Still waiting for the following processes to finish:
Additional test environment:
    CHROME_DEVEL_SANDBOX=/opt/chromium/chrome_sandbox
    LANG=en_US.UTF-8
Command: ..\out\Debug\net_unittests.exe --brave-new-test-launcher --test-launcher-bot-mode --test-launcher-summary-output=e:\b\swarm_slave\work\isolated\out84yxvy\output.json







 
Components: Internals>Network>CertTrans Internals>Network>SSL
Owner: eranm@chromium.org
Eh, I trust bots less than I trust this test, all things considered. For all we know, it could be fallout from VS2015, given how 'simple' this test is.

But setting to eran for triage.

Comment 2 by eranm@chromium.org, Mar 28 2016

Can the time out be extended for this test?
I am well aware that this test is slow. It is computationally intensive as it builds Merkle trees up to 256 nodes and tries all possible combinations for proofs.
It does not time out because it's waiting for something to happen. I have a lot of confidence in this test and would rather not disable it.

Comment 3 by sorin@chromium.org, Mar 28 2016

I don't know how to extend the timeout for this test, that would be something to discuss for the troopers or chrome-infra people. The proposed change disables the test just for the WINOS where we see the flakiness. Since the code appears to be platform neutral, this can give the needed coverage while working out the timeout issues.
Eran: In general, we try not to have tests that run as long as yours. I see in one pass it succeeds in 51979ms (perhaps https://build.chromium.org/p/chromium.win/builders/Win7%20Tests%20%28dbg%29%281%29/builds/47278/steps/net_unittests%20on%20Windows-7-SP1/logs/stdio is a bug - it indicates it fails, but the command-line output indicates it succeeds), but the timeouts were 5 minutes, and if there's a single test taking that long, that's already bad.

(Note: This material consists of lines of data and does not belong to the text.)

lemma current_pairing_no_limit:
  fixes x v :: "real \<Rightarrow> nat \<Rightarrow> real \<Rightarrow> nat \<Rightarrow> real"
  assumes sol: "\<And>\<epsilon> N. \<epsilon> > 0 \<Longrightarrow> N \<ge> 2 \<Longrightarrow> is_solution \<epsilon> N (quantile_config N) (x \<epsilon> N) (v \<epsilon> N)"
    and "t > 0" "C > 0"
  shows "\<not> (\<exists>L. ((\<lambda>(\<epsilon>, N). current_pairing N (x \<epsilon> N) (v \<epsilon> N) t (\<lambda>_. 1)) \<longlongrightarrow> L) (bounded_regime C))"
proof
  define J where "J = (\<lambda>(\<epsilon>, N). current_pairing N (x \<epsilon> N) (v \<epsilon> N) t (\<lambda>_. 1))"
  assume "\<exists>L. (J \<longlongrightarrow> L) (bounded_regime C)"
  then obtain L where L: "(J \<longlongrightarrow> L) (bounded_regime C)" unfolding J_def by blast
  have J_eq: "J (\<epsilon>, N) = cluster_velocity \<epsilon> N t" if "\<epsilon> > 0" "N \<ge> 2" for \<epsilon> N
    using current_pairing_solution_const_one[OF that(1) _ sol[OF that]] that \<open>t > 0\<close>
    by (simp add: J_def)
  obtain M :: nat where M_gt: "sqrt 2 * t / (2 * pi * C) < real M"
    using reals_Archimedean2 by blast
  moreover have "0 < sqrt 2 * t / (2 * pi * C)" using \<open>t > 0\<close> \<open>C > 0\<close> by simp
  ultimately have "M > 0" by linarith
  have M: "sqrt 2 * t \<le> 2 * pi * real M * C"
    using M_gt \<open>C > 0\<close> by (simp add: field_simps)
  define \<omega> where "\<omega> k = 2 * real (M * (k + 2)) * pi" for k
  have \<omega>_pos: "\<omega> k > 0" for k using \<open>M > 0\<close> by (simp add: \<omega>_def del: of_nat_mult)
  note regime = filterlim_bounded_regime_phase[OF \<open>t > 0\<close> \<open>M > 0\<close> M]
  have "(\<lambda>k. J (sqrt 2 * t / \<omega> k, k + 2)) \<longlonglongrightarrow> L"
    by (rule filterlim_compose[OF L regime]) (simp add: \<omega>_def)
  moreover have "J (sqrt 2 * t / \<omega> k, k + 2) = 0" for k
  proof -
    have "J (sqrt 2 * t / \<omega> k, k + 2) = cluster_velocity (sqrt 2 * t / \<omega> k) (k + 2) t"
      using \<omega>_pos[of k] \<open>t > 0\<close> by (intro J_eq) auto
    also have "\<dots> = 0"
      unfolding \<omega>_def by (intro cluster_velocity_full_periods \<open>t > 0\<close>) (use \<open>M > 0\<close> in simp)
    finally show ?thesis .
  qed
  ultimately have "L = 0"
    by (simp add: LIMSEQ_const_iff)
  have "(\<lambda>k. J (sqrt 2 * t / (\<omega> k + pi / 2), k + 2)) \<longlonglongrightarrow> L"
    by (rule filterlim_compose[OF L regime]) (simp add: \<omega>_def)
  moreover have "J (sqrt 2 * t / (\<omega> k + pi / 2), k + 2) \<le> - (pi * real M / t)" for k
  proof -
    have "J (sqrt 2 * t / (\<omega> k + pi / 2), k + 2) =
        cluster_velocity (sqrt 2 * t / (\<omega> k + pi / 2)) (k + 2) t"
      using \<omega>_pos[of k] pi_gt_zero \<open>t > 0\<close>
      by (intro J_eq divide_pos_pos mult_pos_pos add_pos_pos) auto
    also have "\<dots> \<le> - (pi * real M / t)"
      unfolding \<omega>_def by (intro cluster_velocity_quarter_period \<open>t > 0\<close>) simp
    finally show ?thesis .
  qed
  ultimately have "L \<le> - (pi * real M / t)"
    by (intro tendsto_upperbound[of _ L sequentially] always_eventually allI) auto
  then show False
    using \<open>L = 0\<close> \<open>M > 0\<close> \<open>t > 0\<close> pi_gt_zero by (simp add: divide_le_0_iff mult_le_0_iff)
qed
(* The Frobenius cosine of two rank-one matrices factorises,
   cos (B\<^sub>i A\<^sub>i\<^sup>T, B\<^sub>j A\<^sub>j\<^sup>T) = cos (B\<^sub>i, B\<^sub>j) * cos (A\<^sub>i, A\<^sub>j),
   so its modulus is at most |cos (A\<^sub>i, A\<^sub>j)| whatever B\<^sub>i, B\<^sub>j are.
   For independent standard Gaussian vectors in R^n one has E |A|^2 = n, Var |A|^2 = 2n and
   E <A\<^sub>i, A\<^sub>j>^2 = n. Markov's inequality applied to these squares shows that, outside an
   event of probability O(1/n), both |A\<^sub>i|^2 and |A\<^sub>j|^2 exceed n/2 and |<A\<^sub>i, A\<^sub>j>| < \<epsilon> n/2,
   which forces |cos (A\<^sub>i, A\<^sub>j)| < \<epsilon>. The resulting lower bound 1 - C/n is uniform in
   B\<^sub>i, B\<^sub>j, so it also bounds the infimum. *)

definition vec_inner :: "nat \<Rightarrow> (nat \<Rightarrow> real) \<Rightarrow> (nat \<Rightarrow> real) \<Rightarrow> real" where
  "vec_inner n x y = (\<Sum>c<n. x c * y c)"

definition vec_cos :: "nat \<Rightarrow> (nat \<Rightarrow> real) \<Rightarrow> (nat \<Rightarrow> real) \<Rightarrow> real" where
  "vec_cos n x y = vec_inner n x y / (sqrt (vec_inner n x x) * sqrt (vec_inner n y y))"

lemma vec_inner_self_nonneg: "0 \<le> vec_inner n x x"
  unfolding vec_inner_def by (intro sum_nonneg) simp
(* There exist a stochastic two-armed bandit environment and two base algorithms $\mathcal{B}_1,\mathcal{B}_2$ for it, where $\mathcal{B}_1$ always plays an optimal arm (so $\mathcal{B}_1$ has zero regret), such that the following holds: when the two base algorithms are handed to the master in a uniformly random order, every master algorithm has regret $R(T)=\Omega\!\left(\frac{\sqrt{T}}{\log T}\right)$, i.e. there are constants $c>0$ and $T_0$, independent of the master, with $R(T)\ge c\,\frac{\sqrt T}{\log T}$ for all $T\ge T_0$.
   Context: Model selection (algorithm selection) problem: there is a stochastic $K$-armed bandit environment in which arm $a$ has a fixed reward distribution with mean $\mu_a$; let $\mu^*=\max_a\mu_a$. There are $M$ base algorithms (arbitrary, possibly randomized, bandit algorithms with internal state). A master algorithm interacts for $T$ rounds: in round $t$ it selects an index $j_t\in\{1,\dots,M\}$ based on its past observations; base $j_t$ chooses an arm $a_t$ according to its current state, the arm is played, the reward is observed by the master and passed to base $j_t$, which updates its state; bases not selected do not update. The regret of the master is $R(T)=T\mu^*-\mathbb{E}\big[\sum_{t=1}^T\mu_{a_t}\big]$, the expectation being over all randomness (including the random order of the bases). *)

theory Defs
  imports "HOL-Probability.Probability"
begin

type_synonym env = "bool \<Rightarrow> real pmf"

text \<open>A (possibly randomized) base algorithm, in behavioural form: given its own past
  observations (arms it played and rewards it received, only in rounds where it was
  selected), it gives the distribution of the next arm.\<close>
type_synonym base_alg = "(bool \<times> real) list \<Rightarrow> bool pmf"

text \<open>A (possibly randomized) master over M = 2 bases (indices are \<open>bool\<close>), in behavioural
  form: given its past observations (selected indices and observed rewards), it gives the
  distribution of the next index.\<close>
type_synonym master_alg = "(bool \<times> real) list \<Rightarrow> bool pmf"

text \<open>System state: master history, histories of the two base slots, arms played so far.\<close>
type_synonym sys_state = "(bool \<times> real) list \<times> (bool \<Rightarrow> (bool \<times> real) list) \<times> bool list"

definition arm_mean :: "env \<Rightarrow> bool \<Rightarrow> real" where
  "arm_mean nu a = measure_pmf.expectation (nu a) (\<lambda>x. x)"

definition opt_mean :: "env \<Rightarrow> real" where
  "opt_mean nu = max (arm_mean nu True) (arm_mean nu False)"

Even having a test run in several seconds is generally considered 'poor form'. I'd like to rethink this test and its computation.
Project Member

Comment 5 by bugdroid1@chromium.org, Mar 28 2016

The following revision refers to this bug:
  https://chromium.googlesource.com/chromium/src.git/+/7fc311e2a286633106ee1ce82a7be9ed56e910d1

commit 7fc311e2a286633106ee1ce82a7be9ed56e910d1
Author: sorin <sorin@chromium.org>
Date: Mon Mar 28 21:32:48 2016

disable CTLogVerifierTest.VerifiesValidConsistencyProofsFromReferenceGenerator

The test has been found flaky on this bot:
https://build.chromium.org/p/chromium.win/builders/Win7%20Tests%20%28dbg%29%281%29

This has started on Mar 22 10:17	c84d04ac9fdf9752bd3ea79180df7ba5cca2a6cb	failure	#47103
Failed steps failed browser_tests on windows-7-sp1 failed net_unittests on windows-7-sp1

Which is the earliest occurrence within the most recent 200 builds to date.

TBR=rsleevi@chromium.org
BUG= 598406 

Review URL: https://codereview.chromium.org/1837013002

Cr-Commit-Position: refs/heads/master@{#383568}

[modify] https://crrev.com/7fc311e2a286633106ee1ce82a7be9ed56e910d1/net/cert/ct_log_verifier_unittest.cc

Eran: Questions to ask:

1) Is this test necessary? What functionality is it exercising?
2) Could we accomplish this test with fewer nodes? For example, 5? Why or why not?
3) This test computes a tree using one method, and then verifies via another. Could we check in a reference tree to be verified? Why or why not?
4) Are there perhaps opportunities to optimize this code to better improve testing?
Blocking: 506227
Components: -Internals>Network>SSL
Status: Assigned (was: Untriaged)
I'd like to follow up on this, since I'm currently adding inclusion/audit proof checking to CTLogVerifier. If I just adapt the tests from https://github.com/google/certificate-transparency/blob/c41b090ecc14ddd6b3531dc7e5ce36b21e253fdd/cpp/merkletree/merkle_tree_test.cc, as Eran did for the consistency proof tests, then I'll be introducing a second test that takes a similarly long time, which seems like a bad idea. I could combine the two tests, to save on tree building time, but that only avoids worsening the issue. Instead, if we could fix this issue with the existing tests, then I should be able to incorporate the new tests in the same way.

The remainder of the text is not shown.